- Coordinates: 41°10′N 73°10′W﻿ / ﻿41.17°N 73.17°W
- Locale: Bridgeport
- Official name: Pleasure Beach Bridge

Characteristics
- Total length: 1,257 feet (383 m)

History
- Opened: 1927
- Closed: 1996

Location
- Interactive map of Pleasure Beach Bridge

= Pleasure Beach Bridge =

Bridge in United States of America

The Pleasure Beach Bridge is a movable Warren through-truss bridge in Bridgeport, Connecticut. Completed in 1927, it functioned as a toll bridge until the Great Depression, when it was transferred to the city of Bridgeport. Its service life came to an end after it was badly damaged by fire in 1996, cutting off access to Pleasure Beach. In the decade following the fire, several bonds to fund a new bridge were proposed, but ultimately fell through. Pleasure Beach has become the subject of debate, whether it will become an undisturbed protected salt marsh or be revitalized. An alternate method of access via water taxi service, first made possible by a grant in 2009, was not realized until 2013.

== Construction ==
Pleasure Beach Bridge is a riveted Warren through-truss, consisting of longitudinal members joined only by angled cross-members, forming alternately inverted equilateral triangle-shaped spaces along the length. The bridge is supported by timber pilings. The swing span is made of two separate Warren through-trusses that pivots on concrete pier. The operator's house is located on the mainland approach. The bridge spans a length of 105 ft, by 20 ft wide, and was rated with an eight-ton limit. Its wooden construction resulted in the timbers creaking and shifting under the weight of passing cars.

== History ==
Prior to the bridge's construction, Pleasure Island was accessible only by ferry. In 1907, the Pleasure Beach Ferry Company was given the rights to build a movable toll bridge. A series of trestles were built across the tidal flats with a swing span across the dredged channel. The swing span was constructed in 1927, but in the Great Depression the Beach Ferry Company transferred control of the bridge to the city of Bridgeport. The tolls were removed and the bridge continued to be used after Pleasure Beach's closing in 1968, until the 1996 fire. Repairs were made to the bridge in 1988 with money from the state.
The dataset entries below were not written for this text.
(* Let $X$ be a set with exactly four elements and let $B_X$ be the monoid of binary relations on $X$. For every field $k$, the monoid algebra $kB_X$ is of infinite representation type.
   Context: The monoid of binary relations $B_X$ on a set $X$ consists of all subsets of $X\times X$, with multiplication given by composition of relations: $(R S) = \{(x,z): \exists y\in X,\ (x,y)\in R,\ (y,z)\in S\}$; the identity is the diagonal relation. A finite-dimensional $k$-algebra is of infinite representation type if it has infinitely many isomorphism classes of finite-dimensional indecomposable modules. *)

theory Defs
  imports Main "Jordan_Normal_Form.Matrix"
begin

text \<open>Binary relations on a (finite) type 'x; the monoid B_X has multiplication
  relcomp (O) and identity Id.\<close>
type_synonym 'x brel = "('x \<times> 'x) set"

text \<open>The monoid algebra k B_X: functions B_X -> k (finite support is automatic as
  the type 'x is finite), with pointwise addition / scalar multiplication and
  convolution product.\<close>
type_synonym ('x, 'k) malg = "'x brel \<Rightarrow> 'k"

definition malg_add :: "('x, 'k::field) malg \<Rightarrow> ('x, 'k) malg \<Rightarrow> ('x, 'k) malg" where
  "malg_add a b = (\<lambda>T. a T + b T)"

definition malg_smult :: "'k::field \<Rightarrow> ('x, 'k) malg \<Rightarrow> ('x, 'k) malg" where
  "malg_smult c a = (\<lambda>T. c * a T)"

definition malg_mult :: "('x::finite, 'k::field) malg \<Rightarrow> ('x, 'k) malg \<Rightarrow> ('x, 'k) malg" where
  "malg_mult a b = (\<lambda>T. \<Sum>p\<in>{(R, S). R O S = T}. a (fst p) * b (snd p))"

definition malg_one :: "('x, 'k::field) malg" where
  "malg_one = (\<lambda>T. if T = Id then 1 else 0)"

text \<open>A finite-dimensional (left) module over k B_X of dimension n, written in a
  basis: a unital k-algebra homomorphism k B_X -> M_n(k).\<close>
definition is_rep :: "nat \<Rightarrow> (('x::finite, 'k::field) malg \<Rightarrow> 'k mat) \<Rightarrow> bool" where
  "is_rep n \<rho> \<longleftrightarrow>
     (\<forall>a. \<rho> a \<in> carrier_mat n n) \<and>
     (\<forall>a b. \<rho> (malg_add a b) = \<rho> a + \<rho> b) \<and>
     (\<forall>c a. \<rho> (malg_smult c a) = c \<cdot>\<^sub>m \<rho> a) \<and>
     (\<forall>a b. \<rho> (malg_mult a b) = \<rho> a * \<rho> b) \<and>
     \<rho> malg_one = 1\<^sub>m n"

definition rep_iso :: "nat \<Rightarrow> (('x::finite, 'k::field) malg \<Rightarrow> 'k mat)
    \<Rightarrow> nat \<Rightarrow> (('x, 'k) malg \<Rightarrow> 'k mat) \<Rightarrow> bool" where
  "rep_iso n \<rho> m \<sigma> \<longleftrightarrow> n = m \<and>
     (\<exists>P \<in> carrier_mat n n. invertible_mat P \<and> (\<forall>a. P * \<rho> a = \<sigma> a * P))"

definition rep_dsum :: "nat \<Rightarrow> (('x::finite, 'k::field) malg \<Rightarrow> 'k mat)
    \<Rightarrow> nat \<Rightarrow> (('x, 'k) malg \<Rightarrow> 'k mat) \<Rightarrow> (('x, 'k) malg \<Rightarrow> 'k mat)" where
  "rep_dsum n1 \<rho>1 n2 \<rho>2 =
     (\<lambda>a. four_block_mat (\<rho>1 a) (0\<^sub>m n1 n2) (0\<^sub>m n2 n1) (\<rho>2 a))"

definition indecomposable :: "nat \<Rightarrow> (('x::finite, 'k::field) malg \<Rightarrow> 'k mat) \<Rightarrow> bool" where
  "indecomposable n \<rho> \<longleftrightarrow> is_rep n \<rho> \<and> n > 0 \<and>
     \<not> (\<exists>n1 n2 \<rho>1 \<rho>2. n1 > 0 \<and> n2 > 0 \<and> is_rep n1 \<rho>1 \<and> is_rep n2 \<rho>2 \<and>
            rep_iso n \<rho> (n1 + n2) (rep_dsum n1 \<rho>1 n2 \<rho>2))"

definition indec_reps :: "(nat \<times> (('x::finite, 'k::field) malg \<Rightarrow> 'k mat)) set" where
  "indec_reps = {(n, \<rho>). indecomposable n \<rho>}"

definition iso_rel :: "((nat \<times> (('x::finite, 'k::field) malg \<Rightarrow> 'k mat)) \<times>
                        (nat \<times> (('x, 'k) malg \<Rightarrow> 'k mat))) set" where
  "iso_rel = {((n, \<rho>), (m, \<sigma>)). rep_iso n \<rho> m \<sigma>}"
In 1994, the need to replace the bridge resulted in a state and federal promise of $20 million, but this was rejected by the Connecticut Department of Transportation in 1995.

The bridge caught fire on June 16, 1996, when a cigarette butt or match ignited the wooden structure. The fire began around 2:20 p.m. and burned for over three hours. The bridge was rotated to an open position; but the fire badly charred a 200 ft section of the bridge. The bridge and Pleasure Beach was then closed. Estimates of the cost of constructing a new bridge or causeway varies between $9 million to $26 million.

== Aftermath ==
The reconstruction of the bridge has been a perennial subject. George Gunther, strong advocate for a new Pleasure Beach Bridge, petitioned for the eight consecutive years to replace the bridge. In 2005, the bridge was slated to have $13.5 million bond grant by the State of Connecticut that was termed "legislative pork". In 2007, a bond for $4 million to build a retractable pedestrian bridge was highlighted, but not constructed.

The damage and closure of the bridge resulted in concerns over Pleasure Beach's fate. The Connecticut Audubon Society seeks to create Connecticut's largest, undisturbed protected salt match. The area has been designated an "Important Bird Area" and the purchase of surrounding land is underway. A local firm, Stantec, has been retained for a study for revitalizing Pleasure Beach; the accessibility to Pleasure Beach is a key issue. In 2009, the city of Bridgeport received a $1.9 million grant for a water taxi service that was delayed repeatedly into 2013.